Exercise instructions: The records below must be duplicated exactly, character for character.

[Provided data — start]

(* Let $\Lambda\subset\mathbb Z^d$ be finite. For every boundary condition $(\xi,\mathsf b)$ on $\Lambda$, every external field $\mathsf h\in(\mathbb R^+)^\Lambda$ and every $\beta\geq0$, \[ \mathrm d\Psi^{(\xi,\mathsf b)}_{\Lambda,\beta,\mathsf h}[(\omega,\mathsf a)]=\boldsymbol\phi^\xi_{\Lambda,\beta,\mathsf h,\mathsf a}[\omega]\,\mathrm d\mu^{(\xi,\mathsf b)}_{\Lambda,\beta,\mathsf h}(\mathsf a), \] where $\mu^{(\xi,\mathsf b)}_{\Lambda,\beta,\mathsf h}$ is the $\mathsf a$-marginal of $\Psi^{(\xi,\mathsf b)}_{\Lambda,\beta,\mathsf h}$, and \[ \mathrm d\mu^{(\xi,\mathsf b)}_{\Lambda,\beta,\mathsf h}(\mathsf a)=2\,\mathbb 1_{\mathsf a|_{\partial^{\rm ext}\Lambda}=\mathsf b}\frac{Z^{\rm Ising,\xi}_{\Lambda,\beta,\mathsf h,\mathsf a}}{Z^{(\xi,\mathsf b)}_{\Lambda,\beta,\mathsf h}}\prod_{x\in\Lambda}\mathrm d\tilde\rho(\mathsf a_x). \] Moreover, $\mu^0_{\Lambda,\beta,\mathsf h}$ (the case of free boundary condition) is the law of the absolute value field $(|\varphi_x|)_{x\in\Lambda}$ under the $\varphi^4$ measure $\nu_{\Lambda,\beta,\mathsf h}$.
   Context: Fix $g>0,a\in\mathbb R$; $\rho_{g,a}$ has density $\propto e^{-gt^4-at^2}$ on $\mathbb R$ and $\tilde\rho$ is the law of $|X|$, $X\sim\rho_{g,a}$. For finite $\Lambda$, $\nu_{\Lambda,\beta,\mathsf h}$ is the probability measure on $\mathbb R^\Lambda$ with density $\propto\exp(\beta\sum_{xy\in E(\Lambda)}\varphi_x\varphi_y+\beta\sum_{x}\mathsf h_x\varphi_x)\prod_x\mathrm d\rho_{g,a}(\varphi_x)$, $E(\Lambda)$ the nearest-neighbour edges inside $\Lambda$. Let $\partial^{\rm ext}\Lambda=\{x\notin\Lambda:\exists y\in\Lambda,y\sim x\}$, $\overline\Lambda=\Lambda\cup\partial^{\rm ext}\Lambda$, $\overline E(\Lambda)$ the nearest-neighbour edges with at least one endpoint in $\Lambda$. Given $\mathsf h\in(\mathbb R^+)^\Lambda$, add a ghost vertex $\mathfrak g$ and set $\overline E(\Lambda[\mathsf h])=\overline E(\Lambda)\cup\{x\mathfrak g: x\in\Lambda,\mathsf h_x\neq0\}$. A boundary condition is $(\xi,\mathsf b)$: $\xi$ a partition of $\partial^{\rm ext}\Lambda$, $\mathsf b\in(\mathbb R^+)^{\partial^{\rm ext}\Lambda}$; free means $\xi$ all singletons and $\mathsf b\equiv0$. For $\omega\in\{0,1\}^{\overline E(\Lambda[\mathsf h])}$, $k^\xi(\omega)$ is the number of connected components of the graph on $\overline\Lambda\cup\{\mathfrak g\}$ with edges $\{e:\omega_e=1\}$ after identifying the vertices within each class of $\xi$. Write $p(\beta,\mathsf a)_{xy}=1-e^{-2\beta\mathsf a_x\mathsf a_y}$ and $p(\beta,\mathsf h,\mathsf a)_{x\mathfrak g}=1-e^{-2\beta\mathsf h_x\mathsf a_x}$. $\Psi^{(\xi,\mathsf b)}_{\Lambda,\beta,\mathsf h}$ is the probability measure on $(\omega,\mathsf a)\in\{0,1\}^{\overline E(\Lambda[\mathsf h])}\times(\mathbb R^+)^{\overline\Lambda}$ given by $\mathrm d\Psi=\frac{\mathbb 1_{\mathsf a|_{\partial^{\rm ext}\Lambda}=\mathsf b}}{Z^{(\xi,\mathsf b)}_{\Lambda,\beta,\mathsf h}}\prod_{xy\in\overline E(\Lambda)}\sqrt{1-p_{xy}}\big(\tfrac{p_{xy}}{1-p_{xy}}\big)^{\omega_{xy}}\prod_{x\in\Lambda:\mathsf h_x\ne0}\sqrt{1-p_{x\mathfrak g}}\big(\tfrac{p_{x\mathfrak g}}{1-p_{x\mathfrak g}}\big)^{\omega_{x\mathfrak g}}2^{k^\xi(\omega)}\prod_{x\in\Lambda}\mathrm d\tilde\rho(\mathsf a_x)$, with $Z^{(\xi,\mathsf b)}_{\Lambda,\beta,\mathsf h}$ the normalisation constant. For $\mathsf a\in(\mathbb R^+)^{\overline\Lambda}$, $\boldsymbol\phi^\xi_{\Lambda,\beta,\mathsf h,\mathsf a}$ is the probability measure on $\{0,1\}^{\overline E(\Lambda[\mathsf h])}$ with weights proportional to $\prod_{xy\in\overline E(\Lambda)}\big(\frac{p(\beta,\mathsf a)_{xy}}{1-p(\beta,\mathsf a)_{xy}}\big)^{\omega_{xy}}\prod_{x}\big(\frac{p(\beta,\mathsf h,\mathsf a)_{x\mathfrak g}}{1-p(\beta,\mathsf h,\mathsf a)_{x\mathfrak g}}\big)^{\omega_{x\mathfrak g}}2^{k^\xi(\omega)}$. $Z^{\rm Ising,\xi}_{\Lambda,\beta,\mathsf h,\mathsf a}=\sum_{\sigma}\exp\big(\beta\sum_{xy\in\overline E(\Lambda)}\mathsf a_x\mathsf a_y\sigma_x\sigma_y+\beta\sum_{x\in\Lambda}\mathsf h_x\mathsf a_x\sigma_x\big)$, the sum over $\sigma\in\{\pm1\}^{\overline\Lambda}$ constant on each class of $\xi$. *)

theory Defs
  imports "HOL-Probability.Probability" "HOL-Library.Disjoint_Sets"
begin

[Provided data — finish]

Finished exercise:
(* Let $\Lambda\subset\mathbb Z^d$ be finite. For every boundary condition $(\xi,\mathsf b)$ on $\Lambda$, every external field $\mathsf h\in(\mathbb R^+)^\Lambda$ and every $\beta\geq0$, \[ \mathrm d\Psi^{(\xi,\mathsf b)}_{\Lambda,\beta,\mathsf h}[(\omega,\mathsf a)]=\boldsymbol\phi^\xi_{\Lambda,\beta,\mathsf h,\mathsf a}[\omega]\,\mathrm d\mu^{(\xi,\mathsf b)}_{\Lambda,\beta,\mathsf h}(\mathsf a), \] where $\mu^{(\xi,\mathsf b)}_{\Lambda,\beta,\mathsf h}$ is the $\mathsf a$-marginal of $\Psi^{(\xi,\mathsf b)}_{\Lambda,\beta,\mathsf h}$, and \[ \mathrm d\mu^{(\xi,\mathsf b)}_{\Lambda,\beta,\mathsf h}(\mathsf a)=2\,\mathbb 1_{\mathsf a|_{\partial^{\rm ext}\Lambda}=\mathsf b}\frac{Z^{\rm Ising,\xi}_{\Lambda,\beta,\mathsf h,\mathsf a}}{Z^{(\xi,\mathsf b)}_{\Lambda,\beta,\mathsf h}}\prod_{x\in\Lambda}\mathrm d\tilde\rho(\mathsf a_x). \] Moreover, $\mu^0_{\Lambda,\beta,\mathsf h}$ (the case of free boundary condition) is the law of the absolute value field $(|\varphi_x|)_{x\in\Lambda}$ under the $\varphi^4$ measure $\nu_{\Lambda,\beta,\mathsf h}$.
   Context: Fix $g>0,a\in\mathbb R$; $\rho_{g,a}$ has density $\propto e^{-gt^4-at^2}$ on $\mathbb R$ and $\tilde\rho$ is the law of $|X|$, $X\sim\rho_{g,a}$. For finite $\Lambda$, $\nu_{\Lambda,\beta,\mathsf h}$ is the probability measure on $\mathbb R^\Lambda$ with density $\propto\exp(\beta\sum_{xy\in E(\Lambda)}\varphi_x\varphi_y+\beta\sum_{x}\mathsf h_x\varphi_x)\prod_x\mathrm d\rho_{g,a}(\varphi_x)$, $E(\Lambda)$ the nearest-neighbour edges inside $\Lambda$. Let $\partial^{\rm ext}\Lambda=\{x\notin\Lambda:\exists y\in\Lambda,y\sim x\}$, $\overline\Lambda=\Lambda\cup\partial^{\rm ext}\Lambda$, $\overline E(\Lambda)$ the nearest-neighbour edges with at least one endpoint in $\Lambda$. Given $\mathsf h\in(\mathbb R^+)^\Lambda$, add a ghost vertex $\mathfrak g$ and set $\overline E(\Lambda[\mathsf h])=\overline E(\Lambda)\cup\{x\mathfrak g: x\in\Lambda,\mathsf h_x\neq0\}$. A boundary condition is $(\xi,\mathsf b)$: $\xi$ a partition of $\partial^{\rm ext}\Lambda$, $\mathsf b\in(\mathbb R^+)^{\partial^{\rm ext}\Lambda}$; free means $\xi$ all singletons and $\mathsf b\equiv0$. For $\omega\in\{0,1\}^{\overline E(\Lambda[\mathsf h])}$, $k^\xi(\omega)$ is the number of connected components of the graph on $\overline\Lambda\cup\{\mathfrak g\}$ with edges $\{e:\omega_e=1\}$ after identifying the vertices within each class of $\xi$. Write $p(\beta,\mathsf a)_{xy}=1-e^{-2\beta\mathsf a_x\mathsf a_y}$ and $p(\beta,\mathsf h,\mathsf a)_{x\mathfrak g}=1-e^{-2\beta\mathsf h_x\mathsf a_x}$. $\Psi^{(\xi,\mathsf b)}_{\Lambda,\beta,\mathsf h}$ is the probability measure on $(\omega,\mathsf a)\in\{0,1\}^{\overline E(\Lambda[\mathsf h])}\times(\mathbb R^+)^{\overline\Lambda}$ given by $\mathrm d\Psi=\frac{\mathbb 1_{\mathsf a|_{\partial^{\rm ext}\Lambda}=\mathsf b}}{Z^{(\xi,\mathsf b)}_{\Lambda,\beta,\mathsf h}}\prod_{xy\in\overline E(\Lambda)}\sqrt{1-p_{xy}}\big(\tfrac{p_{xy}}{1-p_{xy}}\big)^{\omega_{xy}}\prod_{x\in\Lambda:\mathsf h_x\ne0}\sqrt{1-p_{x\mathfrak g}}\big(\tfrac{p_{x\mathfrak g}}{1-p_{x\mathfrak g}}\big)^{\omega_{x\mathfrak g}}2^{k^\xi(\omega)}\prod_{x\in\Lambda}\mathrm d\tilde\rho(\mathsf a_x)$, with $Z^{(\xi,\mathsf b)}_{\Lambda,\beta,\mathsf h}$ the normalisation constant. For $\mathsf a\in(\mathbb R^+)^{\overline\Lambda}$, $\boldsymbol\phi^\xi_{\Lambda,\beta,\mathsf h,\mathsf a}$ is the probability measure on $\{0,1\}^{\overline E(\Lambda[\mathsf h])}$ with weights proportional to $\prod_{xy\in\overline E(\Lambda)}\big(\frac{p(\beta,\mathsf a)_{xy}}{1-p(\beta,\mathsf a)_{xy}}\big)^{\omega_{xy}}\prod_{x}\big(\frac{p(\beta,\mathsf h,\mathsf a)_{x\mathfrak g}}{1-p(\beta,\mathsf h,\mathsf a)_{x\mathfrak g}}\big)^{\omega_{x\mathfrak g}}2^{k^\xi(\omega)}$. $Z^{\rm Ising,\xi}_{\Lambda,\beta,\mathsf h,\mathsf a}=\sum_{\sigma}\exp\big(\beta\sum_{xy\in\overline E(\Lambda)}\mathsf a_x\mathsf a_y\sigma_x\sigma_y+\beta\sum_{x\in\Lambda}\mathsf h_x\mathsf a_x\sigma_x\big)$, the sum over $\sigma\in\{\pm1\}^{\overline\Lambda}$ constant on each class of $\xi$. *)

theory Defs
  imports "HOL-Probability.Probability" "HOL-Library.Disjoint_Sets"
begin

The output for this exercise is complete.